▶

(* Let $\tau\mapsto\xi(\tau)$ describe the radial coordinate of a future-directed timelike observer with $\lim_{\tau\to\infty}\frac{d\xi}{d\tau}(\tau)=v_{obs,\infty}\in(0,1)$ (so $\xi(\tau)\to\infty$), and set $a(\varepsilon)=(\varepsilon^2-1)/(\varepsilon v_{obs,\infty})$. Let $\varepsilon>1$ and $0<v<\sqrt{\varepsilon^2-1}$, and for large $\xi$ put $\lambda(v,\xi)=\xi\sqrt{\frac{\varepsilon^2-v^2}{1-2/\xi}-1}$. Then $$\lim_{\tau\to\infty}\big[G_{\varepsilon,\lambda(v,\xi(\tau))}(\xi(\tau),\pi_{\xi-}(\xi(\tau)))-\tau\big]=-\infty,$$ $$\lim_{\tau\to\infty}\big[G_{\varepsilon,\lambda(v,\xi(\tau))}(\xi(\tau),\pi_{\xi+}(\xi(\tau)))-\tau\big]=\begin{cases}-\infty,&v<a(\varepsilon),\\+\infty,&v>a(\varepsilon).\end{cases}$$
   Context: $U_\lambda(\xi)=(1-\tfrac2\xi)(1+\lambda^2/\xi^2)$. For $\varepsilon>1$, $\lambda_c(\varepsilon)$ is the value of $\lambda$ for which the local maximum of $U_\lambda$ equals $\varepsilon^2$. Note $\lambda(v,\xi)$ is chosen so that $\sqrt{\varepsilon^2-U_{\lambda(v,\xi)}(\xi)}=v$, and $\lambda(v,\xi)>\lambda_c(\varepsilon)$ for $\xi$ large. For $\lambda>\lambda_c(\varepsilon)$ let $\xi_0$ be the turning point, i.e. the root of $U_\lambda(\xi_0)=\varepsilon^2$ beyond the maximum of $U_\lambda$; for $\xi\ge\xi_0$ let $s(x)=\sqrt{\varepsilon^2-U_\lambda(x)}$, $\pi_{\xi\pm}(\xi)=(\tfrac2\xi\varepsilon\pm s(\xi))/(1-\tfrac2\xi)$, and $G_{\varepsilon,\lambda}(\xi,\pi_{\xi\pm}(\xi))=\int_{\xi_0}^{\xi}\frac{\frac2x s(x)\pm\varepsilon}{(1-\frac2x)s(x)}dx$ (the line integral of $\frac{\frac2\xi\pi_\xi+(1+\frac2\xi)\varepsilon}{(1-\frac2\xi)\pi_\xi-\frac2\xi\varepsilon}d\xi$ along the curve $(1-\tfrac2\xi)\pi_\xi^2-\tfrac4\xi\varepsilon\pi_\xi-(1+\tfrac2\xi)\varepsilon^2+1+\lambda^2/\xi^2=0$ from the turning point). *)

theory Defs
  imports "HOL-Analysis.Analysis"
begin

definition U :: "real \<Rightarrow> real \<Rightarrow> real" where
  "U lam xi = (1 - 2 / xi) * (1 + lam\<^sup>2 / xi\<^sup>2)"

text \<open>Turning point xi_0: the root of U_lambda = eps^2 beyond the maximum of U_lambda,
  i.e. the largest root in (2, infinity) (U_lambda decreases after its maximum to a minimum
  below 1 and then increases to 1 < eps^2, so there is exactly one root beyond the maximum,
  and it is the largest one).\<close>
definition turning_point :: "real \<Rightarrow> real \<Rightarrow> real" where
  "turning_point eps lam = (GREATEST x. x > 2 \<and> U lam x = eps\<^sup>2)"

definition s_fun :: "real \<Rightarrow> real \<Rightarrow> real \<Rightarrow> real" where
  "s_fun eps lam x = sqrt (eps\<^sup>2 - U lam x)"

text \<open>pi_{xi,+-}(xi); sg = 1 gives the + branch, sg = -1 the - branch.\<close>
definition pi_xi :: "real \<Rightarrow> real \<Rightarrow> real \<Rightarrow> real \<Rightarrow> real" where
  "pi_xi sg eps lam xi = (2 / xi * eps + sg * s_fun eps lam xi) / (1 - 2 / xi)"

text \<open>G_{eps,lambda}(xi, pi_{xi,+-}(xi)) as the (improper, absolutely convergent) integral
  from the turning point to xi; sg = 1 for pi_{xi+}, sg = -1 for pi_{xi-}.\<close>
definition G_branch :: "real \<Rightarrow> real \<Rightarrow> real \<Rightarrow> real \<Rightarrow> real" where
  "G_branch sg eps lam xi =
     integral {turning_point eps lam .. xi}
       (\<lambda>x. (2 / x * s_fun eps lam x + sg * eps) / ((1 - 2 / x) * s_fun eps lam x))"

definition lam_v :: "real \<Rightarrow> real \<Rightarrow> real \<Rightarrow> real" where
  "lam_v eps v xi = xi * sqrt ((eps\<^sup>2 - v\<^sup>2) / (1 - 2 / xi) - 1)"

definition a_crit :: "real \<Rightarrow> real \<Rightarrow> real" where
  "a_crit eps vinf = (eps\<^sup>2 - 1) / (eps * vinf)"

end

(*
  Write a = eps^2 - 1.  For lam = lam(v, X) the turning point t grows like X, and on [t, X]
  the quantity eps^2 - U_lam is squeezed between c0 a (x^2 - t^2) / x^2 and C - lam^2 / x^2,
  with explicit constants c0 -> 1 and B, C -> a as lam -> infinity (B bounds lam^2 / t^2).
  These bounds give integrands with elementary primitives, so that
  G_+(X) = eps v X / a + o(X) (because X^2 - lam^2 / a ~ v^2 X^2 / a) and G_-(X) <= o(X).
  By l'Hopital, xi(tau) ~ vinf tau; hence G_+(xi(tau)) - tau ~ (eps v vinf / a - 1) tau,
  whose sign is that of v - a(eps), while G_-(xi(tau)) - tau <= (o(1) - 1) tau.
*)

theory Submission
  imports Defs "HOL-Computational_Algebra.Polynomial" "HOL-Real_Asymp.Real_Asymp"
begin

lemma eps_sq_minus_U_eq:
  fixes eps lam x :: real
  assumes "x \<noteq> 0"
  shows "eps\<^sup>2 - U lam x = ((eps\<^sup>2 - 1) * x ^ 3 + 2 * x\<^sup>2 - lam\<^sup>2 * x + 2 * lam\<^sup>2) / x ^ 3"
  using assms unfolding U_def by (simp add: field_simps power2_eq_square power3_eq_cube)

lemma U_eq_iff_cubic:
  fixes eps lam x :: real
  assumes "x \<noteq> 0"
  shows "U lam x = eps\<^sup>2 \<longleftrightarrow> (eps\<^sup>2 - 1) * x ^ 3 + 2 * x\<^sup>2 - lam\<^sup>2 * x + 2 * lam\<^sup>2 = 0"
  using eps_sq_minus_U_eq[of x eps lam] assms by auto

lemma turning_point_greatest:
  fixes eps lam r :: real
  assumes eps: "1 < eps" and r: "2 < r" "U lam r = eps\<^sup>2"
  shows "r \<le> turning_point eps lam" "2 < turning_point eps lam"
    "U lam (turning_point eps lam) = eps\<^sup>2"
proof -
  define S where "S = {x. 2 < x \<and> U lam x = eps\<^sup>2}"
  have "1 < eps\<^sup>2" using eps by (simp add: one_less_power)
  then have "[:2 * lam\<^sup>2, - lam\<^sup>2, 2, eps\<^sup>2 - 1:] \<noteq> 0" by simp
  moreover have "S \<subseteq> {x. poly [:2 * lam\<^sup>2, - lam\<^sup>2, 2, eps\<^sup>2 - 1:] x = 0}"
  proof
    fix x assume "x \<in> S"
    then have "(eps\<^sup>2 - 1) * x ^ 3 + 2 * x\<^sup>2 - lam\<^sup>2 * x + 2 * lam\<^sup>2 = 0"
      using U_eq_iff_cubic[of x lam eps] by (auto simp: S_def)
    then show "x \<in> {x. poly [:2 * lam\<^sup>2, - lam\<^sup>2, 2, eps\<^sup>2 - 1:] x = 0}"
      by (simp add: algebra_simps power2_eq_square power3_eq_cube)
  qed
  ultimately have fin: "finite S" using poly_roots_finite finite_subset by blast
  have rS: "r \<in> S" using r by (simp add: S_def)
  have "turning_point eps lam = Max S"
    unfolding turning_point_def S_def[symmetric]
  proof (rule Greatest_equality)
    show "Max S > 2 \<and> U lam (Max S) = eps\<^sup>2" using Max_in[OF fin] rS by (auto simp: S_def)
    show "y \<le> Max S" if "y > 2 \<and> U lam y = eps\<^sup>2" for y
      using that fin by (intro Max_ge) (auto simp: S_def)
  qed
  then show "r \<le> turning_point eps lam" "2 < turning_point eps lam"
    "U lam (turning_point eps lam) = eps\<^sup>2"
    using Max_in[OF fin] Max_ge[OF fin rS] rS by (auto simp: S_def)
qed

lemma turning_point_root:
  fixes eps lam :: real
  assumes eps: "1 < eps" and lam: "27 * (eps\<^sup>2 - 1) + 18 < lam\<^sup>2"
  shows "3 < turning_point eps lam" "U lam (turning_point eps lam) = eps\<^sup>2"
proof -
  define P where "P x = (eps\<^sup>2 - 1) * x ^ 3 + 2 * x\<^sup>2 - lam\<^sup>2 * x + 2 * lam\<^sup>2" for x :: real
  have "1 < eps\<^sup>2" using eps by (simp add: one_less_power)
  then have "\<forall>\<^sub>F x in at_top. 0 < P x" unfolding P_def by real_asymp
  then obtain X where X: "3 \<le> X" "0 < P X"
    using eventually_ge_at_top[of 3]
    by (metis (mono_tags) eventually_conj eventually_happens' trivial_limit_at_top_linorder)
  have "P 3 < 0" using lam by (simp add: P_def)
  then obtain r where r: "3 \<le> r" "r \<le> X" "P r = 0"
    using IVT'[of P 3 0 X] X by (force simp: P_def intro!: continuous_intros)
  with \<open>P 3 < 0\<close> have "3 < r" by (cases "r = 3") auto
  moreover have "U lam r = eps\<^sup>2" using r \<open>3 < r\<close> by (simp add: U_eq_iff_cubic P_def)
  ultimately show "3 < turning_point eps lam" "U lam (turning_point eps lam) = eps\<^sup>2"
    using turning_point_greatest[OF eps, of r lam] by auto
qed

definition G_integrand :: "real \<Rightarrow> real \<Rightarrow> real \<Rightarrow> real \<Rightarrow> real" where
  "G_integrand sg eps lam x = (2 / x * s_fun eps lam x + sg * eps) / ((1 - 2 / x) * s_fun eps lam x)"

lemma G_branch_eq_integral:
  "G_branch sg eps lam X = integral {turning_point eps lam..X} (G_integrand sg eps lam)"
  unfolding G_branch_def G_integrand_def ..

lemma G_integrand_measurable: "G_integrand sg eps lam \<in> borel_measurable (lebesgue_on S)"
proof -
  have "G_integrand sg eps lam \<in> borel_measurable borel"
    unfolding G_integrand_def s_fun_def U_def by measurable
  then show ?thesis by (simp add: measurable_completion measurable_restrict_space1)
qed

lemma has_integral_x_div_sqrt:
  fixes c d t X :: real
  assumes "0 < c" "d \<le> c * t\<^sup>2" "0 \<le> t" "t \<le> X"
  shows "((\<lambda>x. x / sqrt (c * x\<^sup>2 - d)) has_integral
           (sqrt (c * X\<^sup>2 - d) - sqrt (c * t\<^sup>2 - d)) / c) {t..X}"
proof -
  have "((\<lambda>x. x / sqrt (c * x\<^sup>2 - d)) has_integral
          sqrt (c * X\<^sup>2 - d) / c - sqrt (c * t\<^sup>2 - d) / c) {t..X}"
  proof (rule fundamental_theorem_of_calculus_interior)
    show "continuous_on {t..X} (\<lambda>x. sqrt (c * x\<^sup>2 - d) / c)"
      using assms by (intro continuous_intros) auto
    show "((\<lambda>x. sqrt (c * x\<^sup>2 - d) / c) has_vector_derivative x / sqrt (c * x\<^sup>2 - d)) (at x)"
      if "x \<in> {t<..<X}" for x
    proof -
      have "t\<^sup>2 < x\<^sup>2" using that assms by (intro power_strict_mono) auto
      then have "c * t\<^sup>2 < c * x\<^sup>2" using assms by simp
      then have pos: "0 < c * x\<^sup>2 - d" using assms by linarith
      have "((\<lambda>x. sqrt (c * x\<^sup>2 - d) / c) has_real_derivative x / sqrt (c * x\<^sup>2 - d)) (at x)"
        using pos assms by (auto intro!: derivative_eq_intros simp: field_simps)
      then show ?thesis by (simp add: has_real_derivative_iff_has_vector_derivative)
    qed
  qed (use assms in auto)
  then show ?thesis by (simp add: diff_divide_distrib)
qed

text \<open>The constants are chosen so that the turning point \<open>t\<close> satisfies \<open>l \<le> t\<close> and
  \<open>lam\<^sup>2 \<le> B * t\<^sup>2\<close>, and for \<open>x \<ge> t\<close> one has
  \<open>c0 * a * (x\<^sup>2 - t\<^sup>2) / x\<^sup>2 \<le> eps\<^sup>2 - U lam x \<le> C - lam\<^sup>2 / x\<^sup>2\<close>.
  As \<open>lam \<rightarrow> \<infinity>\<close>, \<open>B, C \<rightarrow> a\<close> and \<open>c0 \<rightarrow> 1\<close>, so both bounds are sharp to leading order.\<close>
locale turning_point_estimates =
  fixes eps lam a l B C c0 :: real
  assumes eps_gt_1: "1 < eps"
    and a_def: "a = eps\<^sup>2 - 1"
    and l_def: "l = lam / sqrt (3 * a + 2)"
    and B_def: "B = (a * l + 2) / (l - 2)"
    and C_def: "C = a + 2 / l * (1 + B)"
    and c0_def: "c0 = 1 - B / (a * l)"
    and l_gt_3: "3 < l"
    and c0_pos: "0 < c0"
begin

abbreviation t :: real where "t \<equiv> turning_point eps lam"

abbreviation s :: "real \<Rightarrow> real" where "s \<equiv> s_fun eps lam"

lemma a_pos: "0 < a"
  using eps_gt_1 unfolding a_def by (simp add: one_less_power)

lemma lam_eq: "lam = l * sqrt (3 * a + 2)"
  using a_pos unfolding l_def by simp

lemma lam_pos: "0 < lam"
  using a_pos l_gt_3 by (simp add: lam_eq)

lemma t_gt_3: "3 < t" and U_t: "U lam t = eps\<^sup>2"
proof -
  have "3 * 3 < l * l" using l_gt_3 by (intro mult_strict_mono) auto
  then have "9 * (3 * a + 2) < l\<^sup>2 * (3 * a + 2)"
    using a_pos by (intro mult_strict_right_mono) (auto simp: power2_eq_square)
  also have "\<dots> = lam\<^sup>2" using a_pos by (simp add: lam_eq power_mult_distrib)
  finally show "3 < t" "U lam t = eps\<^sup>2"
    using turning_point_root eps_gt_1 by (auto simp: a_def)
qed

lemma cubic_t: "a * t ^ 3 + 2 * t\<^sup>2 - lam\<^sup>2 * t + 2 * lam\<^sup>2 = 0"
  using U_eq_iff_cubic[of t lam eps] U_t t_gt_3 by (simp add: a_def)

lemma lam_sq_eq: "lam\<^sup>2 * (t - 2) = t\<^sup>2 * (a * t + 2)"
  using cubic_t by (simp add: algebra_simps power2_eq_square power3_eq_cube)

lemma a_t_sq_le: "a * t\<^sup>2 \<le> lam\<^sup>2"
proof -
  have "t * (a * t\<^sup>2) = lam\<^sup>2 * t - 2 * lam\<^sup>2 - 2 * t\<^sup>2"
    using cubic_t by (simp add: power2_eq_square power3_eq_cube algebra_simps)
  also have "\<dots> \<le> t * lam\<^sup>2" by simp
  finally show ?thesis using t_gt_3 by simp
qed

lemma l_le_t: "l \<le> t"
proof -
  have "(3 * a + 2) * (t - 2) - (a * t + 2) = 2 * (a + 1) * (t - 3)" by (simp add: algebra_simps)
  moreover have "0 \<le> 2 * (a + 1) * (t - 3)" using a_pos t_gt_3 by simp
  ultimately have "a * t + 2 \<le> (3 * a + 2) * (t - 2)" by linarith
  then have "t\<^sup>2 * (a * t + 2) \<le> t\<^sup>2 * ((3 * a + 2) * (t - 2))" by (rule mult_left_mono) simp
  then have "lam\<^sup>2 * (t - 2) \<le> ((3 * a + 2) * t\<^sup>2) * (t - 2)"
    by (simp only: lam_sq_eq ac_simps)
  then have "lam\<^sup>2 \<le> (3 * a + 2) * t\<^sup>2" by (rule mult_right_le_imp_le) (use t_gt_3 in simp)
  then have "lam\<^sup>2 / (3 * a + 2) \<le> t\<^sup>2" using a_pos by (simp add: pos_divide_le_eq mult.commute)
  then have "sqrt (lam\<^sup>2 / (3 * a + 2)) \<le> sqrt (t\<^sup>2)" by (rule real_sqrt_le_mono)
  moreover have "sqrt (lam\<^sup>2 / (3 * a + 2)) = l" unfolding l_def using lam_pos by (simp add: real_sqrt_divide)
  ultimately show ?thesis using t_gt_3 by simp
qed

◀

INSTRUCTIONS TO FOLLOW: Above are the records; from them, give again exactly the lines from the one containing "(rule mult_left_mono) simp" through the one containing "add: pos_divide_le_eq mult.commute)", both included.

ANSWER SECTION:
  then have "t\<^sup>2 * (a * t + 2) \<le> t\<^sup>2 * ((3 * a + 2) * (t - 2))" by (rule mult_left_mono) simp
  then have "lam\<^sup>2 * (t - 2) \<le> ((3 * a + 2) * t\<^sup>2) * (t - 2)"
    by (simp only: lam_sq_eq ac_simps)
  then have "lam\<^sup>2 \<le> (3 * a + 2) * t\<^sup>2" by (rule mult_right_le_imp_le) (use t_gt_3 in simp)
  then have "lam\<^sup>2 / (3 * a + 2) \<le> t\<^sup>2" using a_pos by (simp add: pos_divide_le_eq mult.commute)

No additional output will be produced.